What to do: Starting at the line that contains "qed (use assms in auto)" and ending at the line that contains "from has_derivative_compose[OF this, of", the lines below are to be given again exactly, with nothing added.

** Opening Provided material block **

definition reg_normal :: "'a::euclidean_space set \<Rightarrow> 'a \<Rightarrow> 'a set" where
  "reg_normal C x = {v. x \<in> C \<and>
     (\<forall>\<epsilon>>0. \<exists>\<delta>>0. \<forall>z\<in>C. norm (z - x) < \<delta> \<longrightarrow> inner v (z - x) \<le> \<epsilon> * norm (z - x))}"

definition dir_normal :: "'a::euclidean_space set \<Rightarrow> 'a \<Rightarrow> 'a \<Rightarrow> 'a set" where
  "dir_normal C y w = {\<eta>. \<exists>(t::nat \<Rightarrow> real) wk \<eta>k.
      (\<forall>k. t k > 0) \<and> t \<longlonglongrightarrow> 0 \<and> wk \<longlonglongrightarrow> w \<and> \<eta>k \<longlonglongrightarrow> \<eta> \<and>
      (\<forall>k. \<eta>k k \<in> reg_normal C (y + t k *\<^sub>R wk k))}"

definition gph :: "('a \<Rightarrow> 'b set) \<Rightarrow> ('a \<times> 'b) set" where
  "gph \<Phi> = {(x, y). y \<in> \<Phi> x}"

definition reg_coderiv :: "('a::euclidean_space \<Rightarrow> 'b::euclidean_space set) \<Rightarrow> 'a \<Rightarrow> 'b \<Rightarrow> 'b \<Rightarrow> 'a set" where
  "reg_coderiv \<Phi> x y lm = {xs. (xs, - lm) \<in> reg_normal (gph \<Phi>) (x, y)}"

definition dir_coderiv :: "('a::euclidean_space \<Rightarrow> 'b::euclidean_space set) \<Rightarrow> 'a \<Rightarrow> 'b \<Rightarrow> 'a \<Rightarrow> 'b \<Rightarrow> 'b \<Rightarrow> 'a set" where
  "dir_coderiv \<Phi> x y u v lm = {xs. (xs, - lm) \<in> dir_normal (gph \<Phi>) (x, y) (u, v)}"

definition strongly_asymp_regular ::
  "('a::euclidean_space \<Rightarrow> 'b::euclidean_space set) \<Rightarrow> 'a \<Rightarrow> 'b \<Rightarrow> 'a \<Rightarrow> bool" where
  "strongly_asymp_regular \<Phi> xb yb u \<longleftrightarrow>
    (\<forall>(x::nat \<Rightarrow> 'a) (y::nat \<Rightarrow> 'b) (xs::nat \<Rightarrow> 'a) (lam::nat \<Rightarrow> 'b) xst yst.
       (\<forall>k. (x k, y k) \<in> gph \<Phi>) \<and>
       (\<forall>k. x k \<notin> {z. yb \<in> \<Phi> z}) \<and> (\<forall>k. y k \<noteq> yb) \<and>
       (\<forall>k. xs k \<in> reg_coderiv \<Phi> (x k) (y k) (lam k)) \<and>
       x \<longlonglongrightarrow> xb \<and> y \<longlonglongrightarrow> yb \<and> xs \<longlonglongrightarrow> xst \<and>
       (\<lambda>k. (1 / norm (x k - xb)) *\<^sub>R (x k - xb)) \<longlonglongrightarrow> u \<and>
       (\<lambda>k. (1 / norm (x k - xb)) *\<^sub>R (y k - yb)) \<longlonglongrightarrow> 0 \<and>
       filterlim (\<lambda>k. norm (lam k)) at_top sequentially \<and>
       (\<lambda>k. (1 / norm (y k - yb)) *\<^sub>R (y k - yb) - (1 / norm (lam k)) *\<^sub>R lam k) \<longlonglongrightarrow> 0 \<and>
       (\<lambda>k. (norm (y k - yb) / norm (x k - xb)) *\<^sub>R lam k) \<longlonglongrightarrow> yst
     \<longrightarrow> (\<exists>lm. xst \<in> dir_coderiv \<Phi> xb yb u 0 lm))"

definition locally_polyhedral :: "'a::euclidean_space set \<Rightarrow> 'a \<Rightarrow> bool" where
  "locally_polyhedral D y \<longleftrightarrow> (\<exists>V P. open V \<and> y \<in> V \<and> finite P \<and>
      (\<forall>p\<in>P. polyhedron p) \<and> D \<inter> V = \<Union>P)"

end

theory Submission
  imports Defs
begin

text \<open>
  Suppose sequences as in the definition of strong asymptotic regularity existed, and put
  d_k = g x_k - y_k \<in> D. The normalised multipliers lam_k / |lam_k| are regular normals to D at
  d_k, and d_k approaches g xb in direction g' xb u at rate |x_k - xb|, so a cluster point \<nu> of
  them is a unit directional limiting normal. Since x*_k = (g' x_k)* lam_k stays bounded while
  |lam_k| \<rightarrow> \<infinity>, also (g' xb)* \<nu> = 0, contradicting FOSCMS(u).

  If D is locally polyhedral, infinitely many d_k lie in one polyhedral piece with the same active
  constraints; then g xb - d_k is a feasible direction at each such d_j, whence
  \<langle>\<nu>, g xb - d_k\<rangle> \<le> 0. As y_k / |y_k| is asymptotically aligned with \<nu>, this gives
  \<langle>\<nu>, g x_k - g xb\<rangle> \<ge> \<langle>\<nu>, y_k\<rangle> > 0, and a second-order mean value expansion, whose
  first-order term vanishes, yields \<langle>\<nu>, g'' xb u u\<rangle> \<ge> 0, contradicting SOSCMS(u).
\<close>

section \<open>Regular and directional normals\<close>

lemma reg_normal_scaleR:
  assumes "v \<in> reg_normal C x" "c > 0"
  shows "c *\<^sub>R v \<in> reg_normal C x"
  unfolding reg_normal_def
proof (intro CollectI conjI allI impI)
  show "x \<in> C" using assms(1) by (simp add: reg_normal_def)
  fix e :: real assume "e > 0"
  then have "e / c > 0" using assms(2) by simp
  then obtain d where "d > 0" "\<forall>z\<in>C. norm (z - x) < d \<longrightarrow> inner v (z - x) \<le> (e/c) * norm (z - x)"
    using assms(1) unfolding reg_normal_def by blast
  with assms(2) show "\<exists>d>0. \<forall>z\<in>C. norm (z - x) < d \<longrightarrow> inner (c *\<^sub>R v) (z - x) \<le> e * norm (z - x)"
    by (auto simp: pos_le_divide_eq mult.commute)
qed

lemma reg_normal_sgn:
  assumes "v \<in> reg_normal C x"
  shows "sgn v \<in> reg_normal C x"
  using reg_normal_scaleR[OF assms, of "inverse (norm v)"] assms
  by (cases "v = 0") (simp_all add: sgn_div_norm divide_inverse_commute)

lemma reg_normal_inner_tangent_le:
  fixes \<gamma> :: "real \<Rightarrow> 'a::euclidean_space"
  assumes v: "v \<in> reg_normal C x"
    and der: "(\<gamma> has_vector_derivative w) (at_right 0)" and "\<gamma> 0 = x"
    and inC: "\<forall>\<^sub>F s in at_right 0. \<gamma> s \<in> C"
  shows "inner v w \<le> 0"
proof -
  define q where "q s = (1 / s) *\<^sub>R (\<gamma> s - x)" for s
  have "((\<lambda>s. (1 / norm (s - 0)) *\<^sub>R (\<gamma> s - (\<gamma> 0 + s *\<^sub>R w))) \<longlongrightarrow> 0) (at_right 0)"
    using der unfolding has_vector_derivative_def has_derivative_within by simp
  moreover have "\<forall>\<^sub>F s in at_right 0. (1 / norm (s - 0)) *\<^sub>R (\<gamma> s - (\<gamma> 0 + s *\<^sub>R w)) = q s - w"
    using eventually_at_right_less[of 0]
    by eventually_elim (simp add: q_def \<open>\<gamma> 0 = x\<close> algebra_simps)
  ultimately have "((\<lambda>s. q s - w) \<longlongrightarrow> 0) (at_right 0)"
    by (rule Lim_transform_eventually)
  then have q: "(q \<longlongrightarrow> w) (at_right 0)"
    by (simp add: LIM_zero_iff)
  have "(\<gamma> \<longlongrightarrow> x) (at_right 0)"
    using has_vector_derivative_continuous[OF der] \<open>\<gamma> 0 = x\<close> by (simp add: continuous_within)
  have le: "inner v w \<le> e * norm w" if "e > 0" for e
  proof -
    obtain d where "d > 0" and d: "\<forall>z\<in>C. norm (z - x) < d \<longrightarrow> inner v (z - x) \<le> e * norm (z - x)"
      using v \<open>e > 0\<close> unfolding reg_normal_def by blast
    have "\<forall>\<^sub>F s in at_right 0. norm (\<gamma> s - x) < d"
      using tendstoD[OF \<open>(\<gamma> \<longlongrightarrow> x) (at_right 0)\<close> \<open>d > 0\<close>] by (simp add: dist_norm)
    then have ev: "\<forall>\<^sub>F s in at_right 0. inner v (q s) \<le> e * norm (q s)"
      using inC eventually_at_right_less[of 0]
    proof eventually_elim
      case (elim s)
      then have "inner v (\<gamma> s - x) \<le> e * norm (\<gamma> s - x)" using d by blast
      with \<open>s > 0\<close> show ?case
        by (simp add: q_def divide_right_mono)
    qed
    show ?thesis
      by (rule tendsto_le[OF trivial_limit_at_right_real _ _ ev]) (intro tendsto_intros q)+
  qed
  have "\<forall>\<^sub>F e in at_right 0. inner v w \<le> e * norm w"
    using eventually_at_right_less[of 0] by eventually_elim (rule le)
  then show ?thesis
    by (intro tendsto_le[OF trivial_limit_at_right_real, of "\<lambda>e. e * norm w" 0]) (auto intro!: tendsto_eq_intros)
qed

lemma dir_normalI_seq:
  assumes "\<And>k. t k > 0" "t \<longlonglongrightarrow> 0" "(\<lambda>k. (1 / t k) *\<^sub>R (d k - y)) \<longlonglongrightarrow> w"
    and "\<And>k. \<eta> k \<in> reg_normal C (d k)" "\<eta> \<longlonglongrightarrow> \<nu>"
  shows "\<nu> \<in> dir_normal C y w"
  unfolding dir_normal_def
proof (intro CollectI exI conjI allI)
  show "\<eta> k \<in> reg_normal C (y + t k *\<^sub>R ((1 / t k) *\<^sub>R (d k - y)))" for k
    using assms(1,4)[of k] by simp
qed (use assms in auto)

lemma reg_normal_gph_imp_reg_normal:
  assumes "(xs, - lm) \<in> reg_normal (gph (\<lambda>x. {g x - d | d. d \<in> D})) (x, y)"
  shows "lm \<in> reg_normal D (g x - y)"
proof -
  let ?G = "gph (\<lambda>x. {g x - d | d. d \<in> D})"
  have "(x, y) \<in> ?G" using assms by (simp add: reg_normal_def)
  then have "g x - y \<in> D" by (auto simp: gph_def)
  show ?thesis unfolding reg_normal_def
  proof (intro CollectI conjI allI impI \<open>g x - y \<in> D\<close>)
    fix e :: real assume "e > 0"
    then obtain \<delta> where "\<delta> > 0"
      and \<delta>: "\<forall>z\<in>?G. norm (z - (x, y)) < \<delta> \<longrightarrow> inner (xs, - lm) (z - (x, y)) \<le> e * norm (z - (x, y))"
      using assms unfolding reg_normal_def by blast
    show "\<exists>\<delta>>0. \<forall>z\<in>D. norm (z - (g x - y)) < \<delta> \<longrightarrow> inner lm (z - (g x - y)) \<le> e * norm (z - (g x - y))"
    proof (intro exI[of _ \<delta>] conjI ballI impI \<open>\<delta> > 0\<close>)
      fix z assume "z \<in> D" and z: "norm (z - (g x - y)) < \<delta>"
      have diff: "(x, g x - z) - (x, y) = (0, - (z - (g x - y)))" by simp
      have "(x, g x - z) \<in> ?G" using \<open>z \<in> D\<close> by (auto simp: gph_def)
      moreover have "norm ((x, g x - z) - (x, y)) < \<delta>" unfolding diff using z by (simp add: norm_minus_commute)
      ultimately have "inner (xs, - lm) ((x, g x - z) - (x, y)) \<le> e * norm ((x, g x - z) - (x, y))"
        using \<delta> by blast
      then show "inner lm (z - (g x - y)) \<le> e * norm (z - (g x - y))"
        unfolding diff by (simp add: norm_minus_commute flip: inner_minus_right)
    qed
  qed
qed

lemma reg_normal_gph_inner_le:
  assumes der: "(g has_derivative G) (at x)"
    and nrm: "(xs, - lm) \<in> reg_normal (gph (\<lambda>x. {g x - d | d. d \<in> D})) (x, y)"
  shows "inner xs h \<le> inner lm (G h)"
proof -
  have "(x, y) \<in> gph (\<lambda>x. {g x - d | d. d \<in> D})" using nrm by (simp add: reg_normal_def)
  then obtain d0 where "d0 \<in> D" "y = g x - d0" by (auto simp: gph_def)
  have "linear G" using has_derivative_linear[OF der] .
  have "((\<lambda>s. x + s *\<^sub>R h) has_derivative (\<lambda>r. r *\<^sub>R h)) (at_right 0)"
    by (auto intro!: derivative_eq_intros)
  from has_derivative_compose[OF this, of g G] der
  have "((\<lambda>s. g (x + s *\<^sub>R h)) has_vector_derivative G h) (at_right 0)"
    unfolding has_vector_derivative_def using linear_scale[OF \<open>linear G\<close>] by simp
  then have "((\<lambda>s. (x + s *\<^sub>R h, g (x + s *\<^sub>R h) - d0)) has_vector_derivative (h, G h)) (at_right 0)"
    by (auto intro!: derivative_eq_intros)
  from reg_normal_inner_tangent_le[OF nrm this] \<open>y = g x - d0\<close> \<open>d0 \<in> D\<close>
  show ?thesis by (auto simp: gph_def)
qed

** Closing Provided material block **

The completed task:
qed (use assms in auto)

lemma reg_normal_gph_imp_reg_normal:
  assumes "(xs, - lm) \<in> reg_normal (gph (\<lambda>x. {g x - d | d. d \<in> D})) (x, y)"
  shows "lm \<in> reg_normal D (g x - y)"
proof -
  let ?G = "gph (\<lambda>x. {g x - d | d. d \<in> D})"
  have "(x, y) \<in> ?G" using assms by (simp add: reg_normal_def)
  then have "g x - y \<in> D" by (auto simp: gph_def)
  show ?thesis unfolding reg_normal_def
  proof (intro CollectI conjI allI impI \<open>g x - y \<in> D\<close>)
    fix e :: real assume "e > 0"
    then obtain \<delta> where "\<delta> > 0"
      and \<delta>: "\<forall>z\<in>?G. norm (z - (x, y)) < \<delta> \<longrightarrow> inner (xs, - lm) (z - (x, y)) \<le> e * norm (z - (x, y))"
      using assms unfolding reg_normal_def by blast
    show "\<exists>\<delta>>0. \<forall>z\<in>D. norm (z - (g x - y)) < \<delta> \<longrightarrow> inner lm (z - (g x - y)) \<le> e * norm (z - (g x - y))"
    proof (intro exI[of _ \<delta>] conjI ballI impI \<open>\<delta> > 0\<close>)
      fix z assume "z \<in> D" and z: "norm (z - (g x - y)) < \<delta>"
      have diff: "(x, g x - z) - (x, y) = (0, - (z - (g x - y)))" by simp
      have "(x, g x - z) \<in> ?G" using \<open>z \<in> D\<close> by (auto simp: gph_def)
      moreover have "norm ((x, g x - z) - (x, y)) < \<delta>" unfolding diff using z by (simp add: norm_minus_commute)
      ultimately have "inner (xs, - lm) ((x, g x - z) - (x, y)) \<le> e * norm ((x, g x - z) - (x, y))"
        using \<delta> by blast
      then show "inner lm (z - (g x - y)) \<le> e * norm (z - (g x - y))"
        unfolding diff by (simp add: norm_minus_commute flip: inner_minus_right)
    qed
  qed
qed

lemma reg_normal_gph_inner_le:
  assumes der: "(g has_derivative G) (at x)"
    and nrm: "(xs, - lm) \<in> reg_normal (gph (\<lambda>x. {g x - d | d. d \<in> D})) (x, y)"
  shows "inner xs h \<le> inner lm (G h)"
proof -
  have "(x, y) \<in> gph (\<lambda>x. {g x - d | d. d \<in> D})" using nrm by (simp add: reg_normal_def)
  then obtain d0 where "d0 \<in> D" "y = g x - d0" by (auto simp: gph_def)
  have "linear G" using has_derivative_linear[OF der] .
  have "((\<lambda>s. x + s *\<^sub>R h) has_derivative (\<lambda>r. r *\<^sub>R h)) (at_right 0)"
    by (auto intro!: derivative_eq_intros)
  from has_derivative_compose[OF this, of g G] der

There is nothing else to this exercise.